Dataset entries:
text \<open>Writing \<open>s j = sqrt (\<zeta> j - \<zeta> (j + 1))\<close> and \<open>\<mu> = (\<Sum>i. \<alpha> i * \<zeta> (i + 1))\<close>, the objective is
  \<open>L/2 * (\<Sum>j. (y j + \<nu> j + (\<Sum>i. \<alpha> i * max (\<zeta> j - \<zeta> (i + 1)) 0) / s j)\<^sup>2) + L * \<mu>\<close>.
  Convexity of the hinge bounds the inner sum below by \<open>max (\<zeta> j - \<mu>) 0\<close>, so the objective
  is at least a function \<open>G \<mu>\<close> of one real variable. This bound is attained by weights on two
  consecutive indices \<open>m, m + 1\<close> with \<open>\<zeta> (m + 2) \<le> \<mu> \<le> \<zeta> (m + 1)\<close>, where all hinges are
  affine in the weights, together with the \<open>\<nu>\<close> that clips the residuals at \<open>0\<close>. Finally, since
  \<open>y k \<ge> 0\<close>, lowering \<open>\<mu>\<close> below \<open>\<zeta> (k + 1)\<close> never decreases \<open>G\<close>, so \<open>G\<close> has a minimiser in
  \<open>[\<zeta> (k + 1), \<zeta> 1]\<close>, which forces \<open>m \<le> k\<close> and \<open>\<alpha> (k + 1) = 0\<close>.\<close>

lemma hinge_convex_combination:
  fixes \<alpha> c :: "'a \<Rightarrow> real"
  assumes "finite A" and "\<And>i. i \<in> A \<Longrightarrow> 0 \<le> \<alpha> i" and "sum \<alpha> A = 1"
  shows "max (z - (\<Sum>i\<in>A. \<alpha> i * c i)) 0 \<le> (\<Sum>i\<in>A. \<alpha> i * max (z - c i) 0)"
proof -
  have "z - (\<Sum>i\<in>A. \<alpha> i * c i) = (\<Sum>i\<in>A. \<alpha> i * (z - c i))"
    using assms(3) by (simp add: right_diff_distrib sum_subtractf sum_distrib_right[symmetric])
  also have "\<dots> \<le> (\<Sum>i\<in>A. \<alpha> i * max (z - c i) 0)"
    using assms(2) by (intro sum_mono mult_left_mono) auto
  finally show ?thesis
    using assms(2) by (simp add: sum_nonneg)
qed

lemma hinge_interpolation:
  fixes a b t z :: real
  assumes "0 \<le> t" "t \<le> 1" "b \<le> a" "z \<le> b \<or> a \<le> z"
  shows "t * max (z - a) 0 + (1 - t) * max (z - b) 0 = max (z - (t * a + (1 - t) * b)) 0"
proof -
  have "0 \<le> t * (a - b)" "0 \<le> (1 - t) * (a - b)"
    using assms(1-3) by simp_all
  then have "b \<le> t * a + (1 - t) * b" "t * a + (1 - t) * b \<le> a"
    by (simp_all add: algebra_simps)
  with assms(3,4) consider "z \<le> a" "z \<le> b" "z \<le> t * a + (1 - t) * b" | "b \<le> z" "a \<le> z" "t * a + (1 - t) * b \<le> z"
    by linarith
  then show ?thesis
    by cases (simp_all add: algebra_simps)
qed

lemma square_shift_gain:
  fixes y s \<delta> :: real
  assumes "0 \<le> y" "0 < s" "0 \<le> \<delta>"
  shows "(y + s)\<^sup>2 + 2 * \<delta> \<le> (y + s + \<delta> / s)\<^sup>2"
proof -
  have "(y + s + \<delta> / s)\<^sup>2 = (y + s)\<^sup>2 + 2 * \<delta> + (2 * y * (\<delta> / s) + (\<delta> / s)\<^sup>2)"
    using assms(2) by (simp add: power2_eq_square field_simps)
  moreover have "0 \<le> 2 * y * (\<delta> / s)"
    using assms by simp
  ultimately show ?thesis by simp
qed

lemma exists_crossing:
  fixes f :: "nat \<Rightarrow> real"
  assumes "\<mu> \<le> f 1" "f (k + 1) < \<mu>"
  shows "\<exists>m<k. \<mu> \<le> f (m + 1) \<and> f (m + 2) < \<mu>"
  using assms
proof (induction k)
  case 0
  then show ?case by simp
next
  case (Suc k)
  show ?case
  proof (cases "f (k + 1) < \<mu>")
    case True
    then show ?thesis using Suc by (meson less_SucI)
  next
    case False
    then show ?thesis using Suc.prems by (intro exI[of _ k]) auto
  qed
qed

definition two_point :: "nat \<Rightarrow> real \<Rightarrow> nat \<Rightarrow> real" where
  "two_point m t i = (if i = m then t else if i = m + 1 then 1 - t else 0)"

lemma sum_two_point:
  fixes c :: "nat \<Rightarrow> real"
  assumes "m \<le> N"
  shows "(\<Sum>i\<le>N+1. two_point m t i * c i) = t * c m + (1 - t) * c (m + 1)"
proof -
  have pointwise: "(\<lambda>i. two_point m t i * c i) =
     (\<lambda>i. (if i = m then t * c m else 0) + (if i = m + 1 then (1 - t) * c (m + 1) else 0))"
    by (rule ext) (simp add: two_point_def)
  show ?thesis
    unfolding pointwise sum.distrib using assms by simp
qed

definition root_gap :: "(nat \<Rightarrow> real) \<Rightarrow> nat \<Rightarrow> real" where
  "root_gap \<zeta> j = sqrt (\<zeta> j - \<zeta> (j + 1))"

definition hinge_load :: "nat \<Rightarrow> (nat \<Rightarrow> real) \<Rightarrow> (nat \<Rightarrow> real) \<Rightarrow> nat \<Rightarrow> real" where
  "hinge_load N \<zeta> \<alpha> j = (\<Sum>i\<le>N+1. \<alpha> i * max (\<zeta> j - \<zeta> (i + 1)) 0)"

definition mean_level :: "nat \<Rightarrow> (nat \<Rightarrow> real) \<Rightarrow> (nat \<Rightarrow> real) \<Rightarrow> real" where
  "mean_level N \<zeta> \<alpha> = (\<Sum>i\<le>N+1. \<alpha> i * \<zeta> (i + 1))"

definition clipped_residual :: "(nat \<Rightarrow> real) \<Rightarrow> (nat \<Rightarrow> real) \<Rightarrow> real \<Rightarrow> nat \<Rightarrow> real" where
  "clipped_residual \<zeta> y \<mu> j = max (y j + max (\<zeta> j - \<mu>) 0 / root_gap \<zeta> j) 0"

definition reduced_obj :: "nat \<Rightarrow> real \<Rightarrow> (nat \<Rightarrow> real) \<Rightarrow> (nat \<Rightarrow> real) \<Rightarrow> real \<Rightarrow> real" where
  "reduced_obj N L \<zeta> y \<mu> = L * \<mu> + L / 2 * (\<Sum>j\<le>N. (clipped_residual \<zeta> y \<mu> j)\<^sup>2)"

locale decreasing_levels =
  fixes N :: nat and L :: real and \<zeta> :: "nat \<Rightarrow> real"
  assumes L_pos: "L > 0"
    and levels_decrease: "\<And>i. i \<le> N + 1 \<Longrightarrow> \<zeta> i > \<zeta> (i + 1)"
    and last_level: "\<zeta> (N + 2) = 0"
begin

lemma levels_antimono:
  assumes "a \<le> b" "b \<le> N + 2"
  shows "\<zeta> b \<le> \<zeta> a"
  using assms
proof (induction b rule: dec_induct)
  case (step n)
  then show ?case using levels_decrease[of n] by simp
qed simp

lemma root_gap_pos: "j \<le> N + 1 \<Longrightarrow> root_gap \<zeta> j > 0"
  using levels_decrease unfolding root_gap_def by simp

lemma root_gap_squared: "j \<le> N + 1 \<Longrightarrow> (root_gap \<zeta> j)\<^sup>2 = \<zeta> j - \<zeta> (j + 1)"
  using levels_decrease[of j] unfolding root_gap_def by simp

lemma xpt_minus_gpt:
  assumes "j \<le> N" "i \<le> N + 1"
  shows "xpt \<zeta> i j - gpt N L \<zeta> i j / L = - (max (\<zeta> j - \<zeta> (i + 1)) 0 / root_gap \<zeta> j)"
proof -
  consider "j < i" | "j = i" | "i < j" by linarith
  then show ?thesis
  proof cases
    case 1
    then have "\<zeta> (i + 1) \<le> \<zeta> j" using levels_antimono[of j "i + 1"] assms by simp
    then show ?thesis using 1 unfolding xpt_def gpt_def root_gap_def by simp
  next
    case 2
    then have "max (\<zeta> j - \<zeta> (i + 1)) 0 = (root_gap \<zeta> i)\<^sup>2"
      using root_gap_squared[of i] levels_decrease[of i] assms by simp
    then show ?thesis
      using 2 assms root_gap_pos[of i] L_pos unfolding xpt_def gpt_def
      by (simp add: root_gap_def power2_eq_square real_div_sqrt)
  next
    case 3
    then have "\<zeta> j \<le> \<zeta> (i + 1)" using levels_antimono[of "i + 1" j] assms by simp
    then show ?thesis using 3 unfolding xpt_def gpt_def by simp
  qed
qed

**WHAT YOU HAVE TO DO:**
Lines to set down from above: the line with "then show ?thesis using 1", the line with "using 2 assms", and every line between, each exactly as written.

**ANSWER FOR THE TASK:**
    then show ?thesis using 1 unfolding xpt_def gpt_def root_gap_def by simp
  next
    case 2
    then have "max (\<zeta> j - \<zeta> (i + 1)) 0 = (root_gap \<zeta> i)\<^sup>2"
      using root_gap_squared[of i] levels_decrease[of i] assms by simp
    then show ?thesis
      using 2 assms root_gap_pos[of i] L_pos unfolding xpt_def gpt_def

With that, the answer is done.